One very convenient way to do experiments with Tensorflow or Keras on linux is to use docker with GPU support.

Only prerequisite is to have nvidia graphics driver installed.

For more details, you can check this website https://www.tensorflow.org/install/docker and follow other links up there, but here is the TLDR; version.

Preparation

  1. Remove old docker versions in case you have them:
    $ sudo apt-get remove docker docker-engine docker.io containerd runc
    

Now here’s the short version of what is on https://docs.docker.com/install/linux/docker-ce/ubuntu/:

Adding repository

  1. Update the apt package index:
    $ sudo apt-get update
    
  2. Install packages to allow apt to use a repository over HTTPS:
    $ sudo apt-get install \
     apt-transport-https \
     ca-certificates \
     curl \
     gnupg-agent \
     software-properties-common
    
  3. Add Docker’s official GPG key:
    $ curl -fsSL https://download.docker.com/linux/ubuntu/gpg | sudo apt-key add -
    
  4. Set up stable repository:
    $ sudo add-apt-repository \
     "deb [arch=amd64] https://download.docker.com/linux/ubuntu \
     $(lsb_release -cs) \
     stable"
    

Install Docker CE

Docker CE is the regular normal docker, now it’s called Docker CE. It’s required to install nvidia-docker environment afterwards.

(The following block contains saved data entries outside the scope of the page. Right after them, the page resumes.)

text \<open>Residual of equation (A) with a = p b / 3.\<close>

definition resA :: "real \<Rightarrow> real \<Rightarrow> real \<Rightarrow> real \<Rightarrow> (real \<Rightarrow> real \<Rightarrow> real) \<Rightarrow> real \<Rightarrow> real \<Rightarrow> real" where
  "resA b c p n u t r =
     pt (pt u) t r - (c + b * u t r powr p) * (pr (pr u) t r + (n - 1) / r * pr u t r)
     - (p * b / 3) * u t r powr (p - 1) * (pr u t r)^2"

end

theory Submission
  imports Defs
begin

text \<open>
  The proof
  reduces them to polynomial identities in the jet \<open>(u, u\<^sub>r, u\<^sub>t, u\<^sub>r\<^sub>r, u\<^sub>r\<^sub>t, u\<^sub>t\<^sub>t)\<close> of \<open>u\<close> at
  a point \<open>(t, r)\<close>, \<open>r > 0\<close>:
  \<^item> the partial derivatives \<open>pt\<close>, \<open>pr\<close> of a differentiable function are derivatives of
    its sections, and for \<open>C\<^sup>2\<close> functions the mixed partials commute (Schwarz--Clairaut,
    via the mean value theorem for second differences);
  \<^item> hence every total derivative \<open>D\<^sub>t\<close>, \<open>D\<^sub>r\<close> of an expression in \<open>(r, u, u\<^sub>r, u\<^sub>t)\<close>
    is computed by the chain rule in terms of the jet;
  \<^item> this evaluates the Euler--Lagrange expression of the Lagrangian and the total
    derivatives of the conserved density and flux, after which both identities are
    field-algebra computations using the parameter constraints.
\<close>

lemma pt_has_real_derivative:
  assumes "case_prod f differentiable (at (x, y))"
  shows "((\<lambda>s. f s y) has_real_derivative pt f x y) (at x)"
proof -
  have "((\<lambda>s. (s, y)) has_derivative (\<lambda>h. (h, 0))) (at x)"
    by (auto intro!: derivative_eq_intros)
  then have "(case_prod f \<circ> (\<lambda>s. (s, y))) differentiable (at x)"
    using differentiable_chain_at assms differentiableI by blast
  then show ?thesis
    by (simp add: o_def pt_def DERIV_deriv_iff_real_differentiable)
qed

lemma pr_has_real_derivative:
  assumes "case_prod f differentiable (at (x, y))"
  shows "((\<lambda>s. f x s) has_real_derivative pr f x y) (at y)"
proof -
  have "((\<lambda>s. (x, s)) has_derivative (\<lambda>h. (0, h))) (at y)"
    by (auto intro!: derivative_eq_intros)
  then have "(case_prod f \<circ> (\<lambda>s. (x, s))) differentiable (at y)"
    using differentiable_chain_at assms differentiableI by blast
  then show ?thesis
    by (simp add: o_def pr_def DERIV_deriv_iff_real_differentiable)
qed

lemma Ck_2_D:
  assumes "Ck 2 S u" and "z \<in> S"
  shows "case_prod u differentiable (at z)" "case_prod (pt u) differentiable (at z)"
    "case_prod (pr u) differentiable (at z)"
    "continuous_on S (case_prod (pr (pt u)))" "continuous_on S (case_prod (pt (pr u)))"
  using assms by (simp_all add: numeral_2_eq_2)

lemma smooth_on_Ck: "smooth_on S u \<Longrightarrow> Ck k S u"
  by (simp add: smooth_on_def)

lemma smooth_on_pt: "smooth_on S u \<Longrightarrow> smooth_on S (pt u)"
  and smooth_on_pr: "smooth_on S u \<Longrightarrow> smooth_on S (pr u)"
  unfolding smooth_on_def by (metis Ck.simps(2))+

text \<open>Mean value theorem for the mixed second difference on a rectangle: applying
  the one-variable mean value theorem first in \<open>x\<close> and then in \<open>y\<close> expresses the
  second difference through one value of the mixed partial \<open>fxy\<close>.\<close>

lemma second_difference_mean_value:
  fixes f fx fxy :: "real \<Rightarrow> real \<Rightarrow> real"
  assumes h: "h > 0" and k: "k > 0"
    and fx: "\<And>x y. x \<in> {a..a+h} \<Longrightarrow> y \<in> {c..c+k} \<Longrightarrow> ((\<lambda>x. f x y) has_real_derivative fx x y) (at x)"
    and fxy: "\<And>x y. x \<in> {a..a+h} \<Longrightarrow> y \<in> {c..c+k} \<Longrightarrow> ((\<lambda>y. fx x y) has_real_derivative fxy x y) (at y)"
  shows "\<exists>x y. x \<in> {a<..<a+h} \<and> y \<in> {c<..<c+k}
           \<and> f (a+h) (c+k) - f (a+h) c - f a (c+k) + f a c = h * k * fxy x y"
proof -
  have "\<And>x. a \<le> x \<Longrightarrow> x \<le> a+h \<Longrightarrow>
      ((\<lambda>x. f x (c+k) - f x c) has_real_derivative fx x (c+k) - fx x c) (at x)"
    using k by (intro DERIV_diff fx) auto
  then obtain x where x: "a < x" "x < a+h"
    and "f (a+h) (c+k) - f (a+h) c - (f a (c+k) - f a c) = h * (fx x (c+k) - fx x c)"
    using MVT2[of a "a+h"] h by fastforce
  moreover obtain y where "c < y" "y < c+k" and "fx x (c+k) - fx x c = k * fxy x y"
    using MVT2[of c "c+k" "fx x" "fxy x"] k x fxy by fastforce
  ultimately show ?thesis by (intro exI[of _ x] exI[of _ y]) (auto simp: algebra_simps)
qed

lemma dist_lt_of_box:
  fixes x y t r :: real
  assumes "\<bar>x - t\<bar> < d / 2" and "\<bar>y - r\<bar> < d / 2"
  shows "dist (x, y) (t, r) < d"
  using sqrt_sum_squares_le_sum_abs[of "x - t" "y - r"] assms
  by (simp add: dist_Pair_Pair dist_real_def)

text \<open>The second difference on a small square equals \<open>h\<^sup>2\<close> times a value of either mixed
  partial near the corner; letting the square shrink and using continuity forces
  the two values at the corner to coincide.\<close>

lemma mixed_partials_commute:
  assumes S: "open S" and u: "Ck 2 S u" and z: "(t, r) \<in> S"
  shows "pr (pt u) t r = pt (pr u) t r"
proof -
  define A where "A = pr (pt u) t r"
  define B where "B = pt (pr u) t r"
  have contA: "isCont (case_prod (pr (pt u))) (t, r)" and contB: "isCont (case_prod (pt (pr u))) (t, r)"
    using Ck_2_D(4,5)[OF u z] S z by (simp_all add: continuous_on_eq_continuous_at)
  have "\<bar>A - B\<bar> < 2 * e" if e: "e > 0" for e
  proof -
    obtain d0 where d0: "d0 > 0" "ball (t, r) d0 \<subseteq> S"
      using S z open_contains_ball by blast
    obtain d1 where d1: "d1 > 0" "\<And>w. dist w (t, r) < d1 \<Longrightarrow> dist (case_prod (pr (pt u)) w) A < e"
      using contA e unfolding continuous_at_eps_delta A_def by fastforce
    obtain d2 where d2: "d2 > 0" "\<And>w. dist w (t, r) < d2 \<Longrightarrow> dist (case_prod (pt (pr u)) w) B < e"
      using contB e unfolding continuous_at_eps_delta B_def by fastforce
    define d where "d = min d0 (min d1 d2)"
    define h where "h = d / 3"
    have h: "h > 0" using d0 d1 d2 by (simp add: h_def d_def)
    have near: "dist (x, y) (t, r) < d" if "x \<in> {t..t+h}" "y \<in> {r..r+h}" for x y
      using that h by (intro dist_lt_of_box) (auto simp: h_def)
    have inS: "(x, y) \<in> S" if "x \<in> {t..t+h}" "y \<in> {r..r+h}" for x y
      using near[OF that] d0(2) by (auto simp: d_def dist_commute)
    obtain x1 y1 where xy1: "x1 \<in> {t<..<t+h}" "y1 \<in> {r<..<r+h}"
      and D1: "u (t+h) (r+h) - u (t+h) r - u t (r+h) + u t r = h * h * pr (pt u) x1 y1"
      using second_difference_mean_value[OF h h, of t r u "pt u" "pr (pt u)"]
        pt_has_real_derivative[OF Ck_2_D(1)[OF u inS]]
        pr_has_real_derivative[OF Ck_2_D(2)[OF u inS]] by blast
    obtain y2 x2 where xy2: "y2 \<in> {r<..<r+h}" "x2 \<in> {t<..<t+h}"
      and D2: "u (t+h) (r+h) - u t (r+h) - u (t+h) r + u t r = h * h * pt (pr u) x2 y2"
      using second_difference_mean_value[OF h h, of r t "\<lambda>y x. u x y" "\<lambda>y x. pr u x y" "\<lambda>y x. pt (pr u) x y"]
        pr_has_real_derivative[OF Ck_2_D(1)[OF u inS]]
        pt_has_real_derivative[OF Ck_2_D(3)[OF u inS]] by blast
    have same: "pr (pt u) x1 y1 = pt (pr u) x2 y2"
      using D1 D2 h by (simp add: algebra_simps)
    have "dist (pr (pt u) x1 y1) A < e"
      using d1(2) near xy1 by (fastforce simp: d_def)
    moreover have "dist (pt (pr u) x2 y2) B < e"
      using d2(2) near xy2 by (fastforce simp: d_def)
    ultimately show ?thesis using same by (simp add: dist_real_def)
  qed
  from this[of "\<bar>A - B\<bar> / 2"] show ?thesis
    unfolding A_def B_def by fastforce
qed

text \<open>By symmetry of mixed
  partials only the three second derivatives \<open>u\<^sub>r\<^sub>r\<close>, \<open>u\<^sub>r\<^sub>t\<close>, \<open>u\<^sub>t\<^sub>t\<close> occur, which is what
  the total derivatives \<open>D\<^sub>t\<close>, \<open>D\<^sub>r\<close> below require.\<close>

lemma smooth_jet_derivatives:
  assumes u: "smooth_on (UNIV \<times> {0<..}) u" and r: "r > 0"
  shows "((\<lambda>s. u t s) has_real_derivative pr u t r) (at r)"
    and "((\<lambda>s. pr u t s) has_real_derivative pr (pr u) t r) (at r)"
    and "((\<lambda>s. pt u t s) has_real_derivative pr (pt u) t r) (at r)"
    and "((\<lambda>s. u s r) has_real_derivative pt u t r) (at t)"
    and "((\<lambda>s. pr u s r) has_real_derivative pr (pt u) t r) (at t)"
    and "((\<lambda>s. pt u s r) has_real_derivative pt (pt u) t r) (at t)"
proof -
  have z: "(t, r) \<in> UNIV \<times> {0<..}" using r by simp
  have open_half: "open (UNIV \<times> {0::real<..})" by (intro open_Times) auto
  note Ck2 = smooth_on_Ck[OF u, of 2]
  have diff: "case_prod v differentiable (at (t, r))" if "smooth_on (UNIV \<times> {0<..}) v" for v
    using Ck_2_D(1)[OF smooth_on_Ck[OF that] z] .
  show "((\<lambda>s. u t s) has_real_derivative pr u t r) (at r)"
    "((\<lambda>s. pr u t s) has_real_derivative pr (pr u) t r) (at r)"
    "((\<lambda>s. pt u t s) has_real_derivative pr (pt u) t r) (at r)"
    by (intro pr_has_real_derivative diff smooth_on_pr smooth_on_pt u)+
  show "((\<lambda>s. u s r) has_real_derivative pt u t r) (at t)"
    "((\<lambda>s. pt u s r) has_real_derivative pt (pt u) t r) (at t)"
    by (intro pt_has_real_derivative diff smooth_on_pt u)+
  show "((\<lambda>s. pr u s r) has_real_derivative pr (pt u) t r) (at t)"
    using pt_has_real_derivative[OF diff[OF smooth_on_pr[OF u]]]
      mixed_partials_commute[OF open_half Ck2 z] by simp
qed

text \<open>The three partial derivatives of the Lagrangian \<open>r\<^sup>n\<^sup>-\<^sup>1 L\<close> with respect to
  \<open>u\<close>, \<open>u\<^sub>r\<close> and \<open>u\<^sub>t\<close> (the \<open>u\<close>-derivative needs \<open>u > 0\<close> because of the power \<open>u\<^sup>p\<close>).\<close>

lemma Lag_dU:
  assumes "V > 0"
  shows "((\<lambda>V. Lag b c p lam n r V W Z) has_real_derivative
     r powr (n - 1) * (- lam / 2 * Z^2 + lam / 2 * (c + b * V powr p) * W^2
        - (r * W - 3 * lam * V) * (b * p * V powr p / V) * W^2 / 6)) (at V)"
  unfolding Lag_def using assms
  by (auto intro!: derivative_eq_intros) (simp add: field_simps power2_eq_square powr_diff[of V])

lemma Lag_dW:
  "((\<lambda>W. Lag b c p lam n r V W Z) has_real_derivative
     r powr (n - 1) * (r * Z^2 / 2 - r * (c + b * V powr p) * W^2 / 2
        + lam * V * (c + b * V powr p) * W)) (at W)"
  unfolding Lag_def
  by (auto intro!: derivative_eq_intros) (simp add: field_simps power2_eq_square)

lemma Lag_dZ:
  "((\<lambda>Z. Lag b c p lam n r V W Z) has_real_derivative r powr (n - 1) * (r * W - lam * V) * Z) (at Z)"
  unfolding Lag_def
  by (auto intro!: derivative_eq_intros simp: algebra_simps)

  1. Update the apt package index:
    $ sudo apt-get update
    
  2. Install the latest version of Docker CE:
    $ sudo apt-get install docker-ce
    
  3. Verify that Docker CE is installed correctly by running the hello-world image:
    $ sudo docker run hello-world
    

    You should see output similar to: Docker Hello World!

Install nvidia-docker

Here’s in short what is on original website https://github.com/NVIDIA/nvidia-docker:

  1. If you have nvidia-docker 1.0 installed: we need to remove it and all existing GPU containers:
    docker volume ls -q -f driver=nvidia-docker | xargs -r -I{} -n1 docker ps -q -a -f volume={} | xargs -r docker rm -f
    sudo apt-get purge -y nvidia-docker
    
  2. Add the package repositories:
    curl -s -L https://nvidia.github.io/nvidia-docker/gpgkey | \
     sudo apt-key add -
    distribution=$(. /etc/os-release;echo $ID$VERSION_ID)
    curl -s -L https://nvidia.github.io/nvidia-docker/$distribution/nvidia-docker.list | \
     sudo tee /etc/apt/sources.list.d/nvidia-docker.list
    sudo apt-get update
    
  3. Install nvidia-docker2 and reload the Docker daemon configuration:
    sudo apt-get install -y nvidia-docker2
    sudo pkill -SIGHUP dockerd
    
  4. Test nvidia-smi with the latest official CUDA image:
    docker run --runtime=nvidia --rm nvidia/cuda:9.0-base nvidia-smi
    

    You should see output similar to: Docker Hello World!